3) Faktor-faktor Penyebab Bencana

Bencana dapat disebabkan oleh kejadian alam (natural disaster) maupun oleh
ulah manusia (man-made disaster). Faktor-faktor yang dapat menyebabkan
bencana antara lain: (a) Bahaya alam (natural hazards) dan bahaya karena ulah
manusia (man-made hazards) yang menurut United Nations International Strategy
for Disaster Reduction (UN-ISDR) dapat dikelompokkan menjadi bahaya geologi
(geological hazards), bahaya hidrometeorologi (hydrometeorological hazards),
bahaya biologi (biological hazards), bahaya teknologi (technological hazards) dan
penurunan kualitas lingkungan (environmental degradation) (b) Kerentanan
(vulnerability) yang tinggi dari masyarakat, infrastruktur serta elemen-elemen di
dalam kota/ kawasan yang berisiko bencana (c) Kapasitas yang rendah dari
berbagai komponen di dalam masyarakat Secara geografis Indonesia merupakan
negara kepulauan yang terletak pada pertemuan empat lempeng tektonik yaitu
lempeng Benua Asia, Benua Australia, lempeng Samudera Hindia dan Samudera
Pasifik. Pada bagian selatan dan timur Indonesia terdapat sabuk vulkanik
(volcanic arc) yang memanjang dari Pulau Sumatera - Jawa – Nusa Tenggara –
Sulawesi, yang sisinya berupa pegunungan vulkanik tua dan dataran rendah yang
sebagian didominasi oleh rawa-rawa. Kondisi tersebut sangat berpotensi sekaligus
rawan bencana seperti letusan gunung berapi, gempa bumi, tsunami, banjir dan

11
tanah longsor. Data menunjukkan bahwa Indonesia merupakan salah satu Negara
yang memiliki tingkat kegempaan yang tinggi di dunia, lebih dari 10 kali lipat
tingkat kegempaan di Amerika Serikat (Arnold, 1986).
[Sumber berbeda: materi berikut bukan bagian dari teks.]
(* Let $G$ be a connected graph of order $n$ with maximum degree $\Delta$, and let $k\ge\chi(G)$ be an integer. Then $\mathrm{sn}(G,k)=n$ if and only if $k>\Delta+1$. Also, $\underline{\mathrm{lcs}}(G,k)=n$ if and only if $k>\Delta+1$.
   Context: All graphs are finite and simple. For a graph $G=(V,E)$ and an integer $k\ge\chi(G)$, a proper $k$-colouring is a map $c:V\to[k]$ with $c(u)\neq c(v)$ for every edge $uv$. A set $S\subseteq V$ is a determining set for $(G,c)$ if there is no proper $k$-colouring $c'\neq c$ of $G$ with $c'(s)=c(s)$ for all $s\in S$. A critical set for $(G,c)$ is an inclusion-minimal determining set. $\mathrm{scs}(G,c)$ and $\mathrm{lcs}(G,c)$ are the sizes of a smallest resp. largest critical set for $(G,c)$. $\mathrm{sn}(G,k)$ is the minimum of $\mathrm{scs}(G,c)$ over all proper $k$-colourings $c$ (equivalently the minimum number of vertices coloured in a partial colouring having a unique extension to a proper $k$-colouring), and $\underline{\mathrm{lcs}}(G,k)$ is the minimum of $\mathrm{lcs}(G,c)$ over all proper $k$-colourings $c$. *)

theory Defs
  imports Main
begin

definition simple_graph :: "'a set \<Rightarrow> ('a \<Rightarrow> 'a \<Rightarrow> bool) \<Rightarrow> bool" where
  "simple_graph V E \<longleftrightarrow> finite V \<and> (\<forall>u v. E u v \<longrightarrow> u \<in> V \<and> v \<in> V)
     \<and> (\<forall>u v. E u v \<longrightarrow> E v u) \<and> (\<forall>v. \<not> E v v)"

definition connected_graph :: "'a set \<Rightarrow> ('a \<Rightarrow> 'a \<Rightarrow> bool) \<Rightarrow> bool" where
  "connected_graph V E \<longleftrightarrow> V \<noteq> {} \<and> (\<forall>u\<in>V. \<forall>v\<in>V. E\<^sup>*\<^sup>* u v)"

definition degree :: "'a set \<Rightarrow> ('a \<Rightarrow> 'a \<Rightarrow> bool) \<Rightarrow> 'a \<Rightarrow> nat" where
  "degree V E v = card {u\<in>V. E v u}"

definition max_degree :: "'a set \<Rightarrow> ('a \<Rightarrow> 'a \<Rightarrow> bool) \<Rightarrow> nat" where
  "max_degree V E = Max (degree V E ` V)"

definition proper_colouring :: "'a set \<Rightarrow> ('a \<Rightarrow> 'a \<Rightarrow> bool) \<Rightarrow> nat \<Rightarrow> ('a \<Rightarrow> nat) \<Rightarrow> bool" where
  "proper_colouring V E k c \<longleftrightarrow> (\<forall>v\<in>V. c v \<in> {1..k}) \<and> (\<forall>u v. E u v \<longrightarrow> c u \<noteq> c v)"

definition chromatic_number :: "'a set \<Rightarrow> ('a \<Rightarrow> 'a \<Rightarrow> bool) \<Rightarrow> nat" where
  "chromatic_number V E = (LEAST k. \<exists>c. proper_colouring V E k c)"

text \<open>Two colourings are different iff they differ at some vertex of V.\<close>
definition determining_set :: "'a set \<Rightarrow> ('a \<Rightarrow> 'a \<Rightarrow> bool) \<Rightarrow> nat \<Rightarrow> ('a \<Rightarrow> nat) \<Rightarrow> 'a set \<Rightarrow> bool" where
  "determining_set V E k c S \<longleftrightarrow> S \<subseteq> V \<and>
     \<not> (\<exists>c'. proper_colouring V E k c' \<and> (\<exists>v\<in>V. c' v \<noteq> c v) \<and> (\<forall>s\<in>S. c' s = c s))"

definition critical_set :: "'a set \<Rightarrow> ('a \<Rightarrow> 'a \<Rightarrow> bool) \<Rightarrow> nat \<Rightarrow> ('a \<Rightarrow> nat) \<Rightarrow> 'a set \<Rightarrow> bool" where
  "critical_set V E k c S \<longleftrightarrow> determining_set V E k c S \<and>
     (\<forall>T. T \<subset> S \<longrightarrow> \<not> determining_set V E k c T)"

definition scs :: "'a set \<Rightarrow> ('a \<Rightarrow> 'a \<Rightarrow> bool) \<Rightarrow> nat \<Rightarrow> ('a \<Rightarrow> nat) \<Rightarrow> nat" where
  "scs V E k c = Min {card S | S. critical_set V E k c S}"

definition lcs :: "'a set \<Rightarrow> ('a \<Rightarrow> 'a \<Rightarrow> bool) \<Rightarrow> nat \<Rightarrow> ('a \<Rightarrow> nat) \<Rightarrow> nat" where
  "lcs V E k c = Max {card S | S. critical_set V E k c S}"

definition sn :: "'a set \<Rightarrow> ('a \<Rightarrow> 'a \<Rightarrow> bool) \<Rightarrow> nat \<Rightarrow> nat" where
  "sn V E k = Min {scs V E k c | c. proper_colouring V E k c}"

definition lcs_lower :: "'a set \<Rightarrow> ('a \<Rightarrow> 'a \<Rightarrow> bool) \<Rightarrow> nat \<Rightarrow> nat" where
  "lcs_lower V E k = Min {lcs V E k c | c. proper_colouring V E k c}"

end

theory Submission
  imports Defs
begin

(* If k > \<Delta> + 1, every vertex v can be recoloured, since its closed neighbourhood
   sees at most \<Delta> + 1 colours; hence V is the only determining set, and every
   critical set is V. If k \<le> \<Delta> + 1, take a vertex v of maximum degree and a
   k-colouring c maximising the number of colours on the neighbourhood of v. If no
   vertex were forced (all other colours on its neighbourhood), there would be a
   colour a missing around v, the class of a could be recoloured away, and a
   repeated colour among the at least k - 1 neighbours of v could be replaced by a,
   contradicting maximality. A forced vertex u makes V - {u} determining, so every
   critical set of that colouring has fewer than n vertices. *)

definition neighbours :: "'a set \<Rightarrow> ('a \<Rightarrow> 'a \<Rightarrow> bool) \<Rightarrow> 'a \<Rightarrow> 'a set" where
  "neighbours V E v = {u\<in>V. E v u}"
Gempa bumi yang disebabkan karena interaksi lempeng tektonik dapat


menimbulkan gelombang pasang apabila terjadi di samudera. Dengan wilayah
yang sangat dipengaruhi oleh pergerakan lempeng tektonik ini, Indonesia sering
mengalami tsunami. Tsunami yang terjadi di Indonesia sebagian besar disebabkan
oleh gempa-gempa tektonik di sepanjang daerah subduksi dan daerah seismik
aktif lainnya (Puspito, 1994). Selama kurun waktu 1600–2000 terdapat 105
kejadian tsunami yang 90 persen di antaranya disebabkan oleh gempa tektonik, 9
persen oleh letusan gunung berapi dan 1 persen oleh tanah longsor (Latief dkk.,
2000). Wilayah pantai di Indonesia merupakan wilayah yang rawan terjadi
bencana tsunami terutama pantai barat Sumatera, pantai selatan Pulau Jawa, pantai
utara dan selatan pulau-pulau Nusa Tenggara, pulau-pulau di Maluku, pantai utara
Irian Jaya dan hampir seluruh pantai di Sulawesi. Laut Maluku adalah daerah
yang paling rawan tsunami. Dalam kurun waktu tahun 1600–2000, di daerah ini
telah terjadi 32 tsunami yang 28 di antaranya diakibatkan oleh gempa bumi dan 4
oleh meletusnya gunung berapi di bawah laut.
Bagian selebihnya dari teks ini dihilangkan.